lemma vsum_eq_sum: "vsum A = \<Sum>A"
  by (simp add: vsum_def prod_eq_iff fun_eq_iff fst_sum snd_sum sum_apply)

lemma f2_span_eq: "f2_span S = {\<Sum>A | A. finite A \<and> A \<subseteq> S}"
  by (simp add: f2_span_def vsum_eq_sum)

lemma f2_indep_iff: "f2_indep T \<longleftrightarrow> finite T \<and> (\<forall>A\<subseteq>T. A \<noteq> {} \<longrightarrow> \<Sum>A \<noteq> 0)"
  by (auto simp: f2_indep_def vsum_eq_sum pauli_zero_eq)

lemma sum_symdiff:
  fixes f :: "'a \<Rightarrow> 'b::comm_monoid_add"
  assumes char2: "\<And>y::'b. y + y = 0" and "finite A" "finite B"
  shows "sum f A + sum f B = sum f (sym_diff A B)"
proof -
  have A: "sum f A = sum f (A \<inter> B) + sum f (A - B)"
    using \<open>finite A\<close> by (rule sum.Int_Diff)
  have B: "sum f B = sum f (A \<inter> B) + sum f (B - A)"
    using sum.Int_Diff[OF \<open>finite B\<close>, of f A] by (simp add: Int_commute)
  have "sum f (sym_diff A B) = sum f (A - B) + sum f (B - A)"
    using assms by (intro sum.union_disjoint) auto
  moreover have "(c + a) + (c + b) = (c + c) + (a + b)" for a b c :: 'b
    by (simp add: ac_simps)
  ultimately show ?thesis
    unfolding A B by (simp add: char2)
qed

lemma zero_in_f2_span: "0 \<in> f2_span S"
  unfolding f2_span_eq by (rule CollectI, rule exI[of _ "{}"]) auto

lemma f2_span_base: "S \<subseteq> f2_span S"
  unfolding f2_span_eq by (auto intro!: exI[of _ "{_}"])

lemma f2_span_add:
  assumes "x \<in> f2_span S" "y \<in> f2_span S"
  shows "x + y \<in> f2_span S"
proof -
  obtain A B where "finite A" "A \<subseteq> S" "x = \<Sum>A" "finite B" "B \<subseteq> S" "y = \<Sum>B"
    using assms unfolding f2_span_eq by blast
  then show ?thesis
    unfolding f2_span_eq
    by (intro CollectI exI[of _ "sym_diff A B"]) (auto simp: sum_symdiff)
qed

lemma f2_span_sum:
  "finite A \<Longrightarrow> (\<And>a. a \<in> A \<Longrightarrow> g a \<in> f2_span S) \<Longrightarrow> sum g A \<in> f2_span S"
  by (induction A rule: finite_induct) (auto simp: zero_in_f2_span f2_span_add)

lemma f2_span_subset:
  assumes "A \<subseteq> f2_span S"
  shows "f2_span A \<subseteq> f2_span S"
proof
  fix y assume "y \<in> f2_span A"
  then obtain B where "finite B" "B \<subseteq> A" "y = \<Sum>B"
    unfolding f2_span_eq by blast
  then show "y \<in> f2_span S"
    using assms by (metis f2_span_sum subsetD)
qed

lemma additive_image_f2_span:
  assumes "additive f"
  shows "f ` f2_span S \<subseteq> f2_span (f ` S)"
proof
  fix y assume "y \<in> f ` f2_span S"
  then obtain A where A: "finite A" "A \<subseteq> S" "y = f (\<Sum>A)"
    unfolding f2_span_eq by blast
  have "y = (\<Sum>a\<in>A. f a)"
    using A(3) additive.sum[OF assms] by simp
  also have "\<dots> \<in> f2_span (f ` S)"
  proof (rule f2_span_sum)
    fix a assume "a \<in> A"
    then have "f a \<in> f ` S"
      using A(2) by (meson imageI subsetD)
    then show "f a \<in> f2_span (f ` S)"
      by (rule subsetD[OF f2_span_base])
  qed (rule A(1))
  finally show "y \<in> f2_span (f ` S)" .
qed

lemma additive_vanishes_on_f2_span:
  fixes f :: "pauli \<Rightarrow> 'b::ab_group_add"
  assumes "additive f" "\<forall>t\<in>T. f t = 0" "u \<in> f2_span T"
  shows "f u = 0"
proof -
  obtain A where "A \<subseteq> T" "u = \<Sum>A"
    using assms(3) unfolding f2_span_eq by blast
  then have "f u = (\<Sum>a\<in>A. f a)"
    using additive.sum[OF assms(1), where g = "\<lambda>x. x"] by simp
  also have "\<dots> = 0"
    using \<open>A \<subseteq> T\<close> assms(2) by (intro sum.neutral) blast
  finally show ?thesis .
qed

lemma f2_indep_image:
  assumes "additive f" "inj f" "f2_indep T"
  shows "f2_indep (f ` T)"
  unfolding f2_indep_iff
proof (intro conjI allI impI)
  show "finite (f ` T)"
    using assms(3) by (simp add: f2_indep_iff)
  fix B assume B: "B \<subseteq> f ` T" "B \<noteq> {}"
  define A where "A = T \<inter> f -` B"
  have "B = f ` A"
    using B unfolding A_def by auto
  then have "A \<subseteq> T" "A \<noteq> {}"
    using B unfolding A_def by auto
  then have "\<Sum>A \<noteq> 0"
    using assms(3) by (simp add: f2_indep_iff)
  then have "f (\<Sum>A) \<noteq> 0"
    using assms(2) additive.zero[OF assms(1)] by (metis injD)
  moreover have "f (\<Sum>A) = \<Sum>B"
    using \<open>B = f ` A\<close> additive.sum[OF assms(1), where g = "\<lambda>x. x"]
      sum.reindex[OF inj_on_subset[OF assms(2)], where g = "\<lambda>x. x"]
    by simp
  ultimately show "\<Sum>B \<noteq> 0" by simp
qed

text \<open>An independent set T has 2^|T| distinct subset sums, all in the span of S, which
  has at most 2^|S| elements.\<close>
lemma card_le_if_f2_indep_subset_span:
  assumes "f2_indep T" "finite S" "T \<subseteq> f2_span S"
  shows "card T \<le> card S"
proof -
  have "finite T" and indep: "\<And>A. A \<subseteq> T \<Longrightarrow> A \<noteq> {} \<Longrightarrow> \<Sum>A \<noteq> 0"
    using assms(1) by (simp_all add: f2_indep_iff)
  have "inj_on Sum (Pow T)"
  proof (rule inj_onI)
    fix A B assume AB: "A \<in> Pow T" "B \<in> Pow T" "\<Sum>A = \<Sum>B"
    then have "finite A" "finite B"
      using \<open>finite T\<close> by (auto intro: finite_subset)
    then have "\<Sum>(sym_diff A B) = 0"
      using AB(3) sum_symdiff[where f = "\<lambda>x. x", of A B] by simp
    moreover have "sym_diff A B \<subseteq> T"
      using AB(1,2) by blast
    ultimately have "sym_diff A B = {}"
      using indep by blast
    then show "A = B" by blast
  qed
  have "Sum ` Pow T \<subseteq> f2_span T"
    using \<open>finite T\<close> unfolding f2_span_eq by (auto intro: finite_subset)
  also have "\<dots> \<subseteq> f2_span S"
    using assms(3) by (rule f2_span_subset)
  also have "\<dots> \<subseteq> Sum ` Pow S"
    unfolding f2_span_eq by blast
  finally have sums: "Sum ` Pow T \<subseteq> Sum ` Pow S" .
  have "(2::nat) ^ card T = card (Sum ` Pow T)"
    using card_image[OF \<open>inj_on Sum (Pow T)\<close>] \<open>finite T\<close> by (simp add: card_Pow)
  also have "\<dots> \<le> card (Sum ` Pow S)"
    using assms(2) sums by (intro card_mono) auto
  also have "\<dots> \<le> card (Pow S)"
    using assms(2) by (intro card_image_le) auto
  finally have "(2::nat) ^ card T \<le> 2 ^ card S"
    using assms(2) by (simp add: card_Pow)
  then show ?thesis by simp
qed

..........

[INSTRUCTIONS FOR THE TASK] Copy the listing in full, and keep every word exactly as it is.

[REPLY]
lemma vsum_eq_sum: "vsum A = \<Sum>A"
  by (simp add: vsum_def prod_eq_iff fun_eq_iff fst_sum snd_sum sum_apply)

lemma f2_span_eq: "f2_span S = {\<Sum>A | A. finite A \<and> A \<subseteq> S}"
  by (simp add: f2_span_def vsum_eq_sum)

lemma f2_indep_iff: "f2_indep T \<longleftrightarrow> finite T \<and> (\<forall>A\<subseteq>T. A \<noteq> {} \<longrightarrow> \<Sum>A \<noteq> 0)"
  by (auto simp: f2_indep_def vsum_eq_sum pauli_zero_eq)

lemma sum_symdiff:
  fixes f :: "'a \<Rightarrow> 'b::comm_monoid_add"
  assumes char2: "\<And>y::'b. y + y = 0" and "finite A" "finite B"
  shows "sum f A + sum f B = sum f (sym_diff A B)"
proof -
  have A: "sum f A = sum f (A \<inter> B) + sum f (A - B)"
    using \<open>finite A\<close> by (rule sum.Int_Diff)
  have B: "sum f B = sum f (A \<inter> B) + sum f (B - A)"
    using sum.Int_Diff[OF \<open>finite B\<close>, of f A] by (simp add: Int_commute)
  have "sum f (sym_diff A B) = sum f (A - B) + sum f (B - A)"
    using assms by (intro sum.union_disjoint) auto
  moreover have "(c + a) + (c + b) = (c + c) + (a + b)" for a b c :: 'b
    by (simp add: ac_simps)
  ultimately show ?thesis
    unfolding A B by (simp add: char2)
qed

lemma zero_in_f2_span: "0 \<in> f2_span S"
  unfolding f2_span_eq by (rule CollectI, rule exI[of _ "{}"]) auto

lemma f2_span_base: "S \<subseteq> f2_span S"
  unfolding f2_span_eq by (auto intro!: exI[of _ "{_}"])

lemma f2_span_add:
  assumes "x \<in> f2_span S" "y \<in> f2_span S"
  shows "x + y \<in> f2_span S"
proof -
  obtain A B where "finite A" "A \<subseteq> S" "x = \<Sum>A" "finite B" "B \<subseteq> S" "y = \<Sum>B"
    using assms unfolding f2_span_eq by blast
  then show ?thesis
    unfolding f2_span_eq
    by (intro CollectI exI[of _ "sym_diff A B"]) (auto simp: sum_symdiff)
qed

lemma f2_span_sum:
  "finite A \<Longrightarrow> (\<And>a. a \<in> A \<Longrightarrow> g a \<in> f2_span S) \<Longrightarrow> sum g A \<in> f2_span S"
  by (induction A rule: finite_induct) (auto simp: zero_in_f2_span f2_span_add)

lemma f2_span_subset:
  assumes "A \<subseteq> f2_span S"
  shows "f2_span A \<subseteq> f2_span S"
proof
  fix y assume "y \<in> f2_span A"
  then obtain B where "finite B" "B \<subseteq> A" "y = \<Sum>B"
    unfolding f2_span_eq by blast
  then show "y \<in> f2_span S"
    using assms by (metis f2_span_sum subsetD)
qed

lemma additive_image_f2_span:
  assumes "additive f"
  shows "f ` f2_span S \<subseteq> f2_span (f ` S)"
proof
  fix y assume "y \<in> f ` f2_span S"
  then obtain A where A: "finite A" "A \<subseteq> S" "y = f (\<Sum>A)"
    unfolding f2_span_eq by blast
  have "y = (\<Sum>a\<in>A. f a)"
    using A(3) additive.sum[OF assms] by simp
  also have "\<dots> \<in> f2_span (f ` S)"
  proof (rule f2_span_sum)
    fix a assume "a \<in> A"
    then have "f a \<in> f ` S"
      using A(2) by (meson imageI subsetD)
    then show "f a \<in> f2_span (f ` S)"
      by (rule subsetD[OF f2_span_base])
  qed (rule A(1))
  finally show "y \<in> f2_span (f ` S)" .
qed

lemma additive_vanishes_on_f2_span:
  fixes f :: "pauli \<Rightarrow> 'b::ab_group_add"
  assumes "additive f" "\<forall>t\<in>T. f t = 0" "u \<in> f2_span T"
  shows "f u = 0"
proof -
  obtain A where "A \<subseteq> T" "u = \<Sum>A"
    using assms(3) unfolding f2_span_eq by blast
  then have "f u = (\<Sum>a\<in>A. f a)"
    using additive.sum[OF assms(1), where g = "\<lambda>x. x"] by simp
  also have "\<dots> = 0"
    using \<open>A \<subseteq> T\<close> assms(2) by (intro sum.neutral) blast
  finally show ?thesis .
qed

lemma f2_indep_image:
  assumes "additive f" "inj f" "f2_indep T"
  shows "f2_indep (f ` T)"
  unfolding f2_indep_iff
proof (intro conjI allI impI)
  show "finite (f ` T)"
    using assms(3) by (simp add: f2_indep_iff)
  fix B assume B: "B \<subseteq> f ` T" "B \<noteq> {}"
  define A where "A = T \<inter> f -` B"
  have "B = f ` A"
    using B unfolding A_def by auto
  then have "A \<subseteq> T" "A \<noteq> {}"
    using B unfolding A_def by auto
  then have "\<Sum>A \<noteq> 0"
    using assms(3) by (simp add: f2_indep_iff)
  then have "f (\<Sum>A) \<noteq> 0"
    using assms(2) additive.zero[OF assms(1)] by (metis injD)
  moreover have "f (\<Sum>A) = \<Sum>B"
    using \<open>B = f ` A\<close> additive.sum[OF assms(1), where g = "\<lambda>x. x"]
      sum.reindex[OF inj_on_subset[OF assms(2)], where g = "\<lambda>x. x"]
    by simp
  ultimately show "\<Sum>B \<noteq> 0" by simp
qed

text \<open>An independent set T has 2^|T| distinct subset sums, all in the span of S, which
  has at most 2^|S| elements.\<close>
lemma card_le_if_f2_indep_subset_span:
  assumes "f2_indep T" "finite S" "T \<subseteq> f2_span S"
  shows "card T \<le> card S"
proof -
  have "finite T" and indep: "\<And>A. A \<subseteq> T \<Longrightarrow> A \<noteq> {} \<Longrightarrow> \<Sum>A \<noteq> 0"
    using assms(1) by (simp_all add: f2_indep_iff)
  have "inj_on Sum (Pow T)"
  proof (rule inj_onI)
    fix A B assume AB: "A \<in> Pow T" "B \<in> Pow T" "\<Sum>A = \<Sum>B"
    then have "finite A" "finite B"
      using \<open>finite T\<close> by (auto intro: finite_subset)
    then have "\<Sum>(sym_diff A B) = 0"
      using AB(3) sum_symdiff[where f = "\<lambda>x. x", of A B] by simp
    moreover have "sym_diff A B \<subseteq> T"
      using AB(1,2) by blast
    ultimately have "sym_diff A B = {}"
      using indep by blast
    then show "A = B" by blast
  qed
  have "Sum ` Pow T \<subseteq> f2_span T"
    using \<open>finite T\<close> unfolding f2_span_eq by (auto intro: finite_subset)
  also have "\<dots> \<subseteq> f2_span S"
    using assms(3) by (rule f2_span_subset)
  also have "\<dots> \<subseteq> Sum ` Pow S"
    unfolding f2_span_eq by blast
  finally have sums: "Sum ` Pow T \<subseteq> Sum ` Pow S" .
  have "(2::nat) ^ card T = card (Sum ` Pow T)"
    using card_image[OF \<open>inj_on Sum (Pow T)\<close>] \<open>finite T\<close> by (simp add: card_Pow)
  also have "\<dots> \<le> card (Sum ` Pow S)"
    using assms(2) sums by (intro card_mono) auto
  also have "\<dots> \<le> card (Pow S)"
    using assms(2) by (intro card_image_le) auto
  finally have "(2::nat) ^ card T \<le> 2 ^ card S"
    using assms(2) by (simp add: card_Pow)
  then show ?thesis by simp
qed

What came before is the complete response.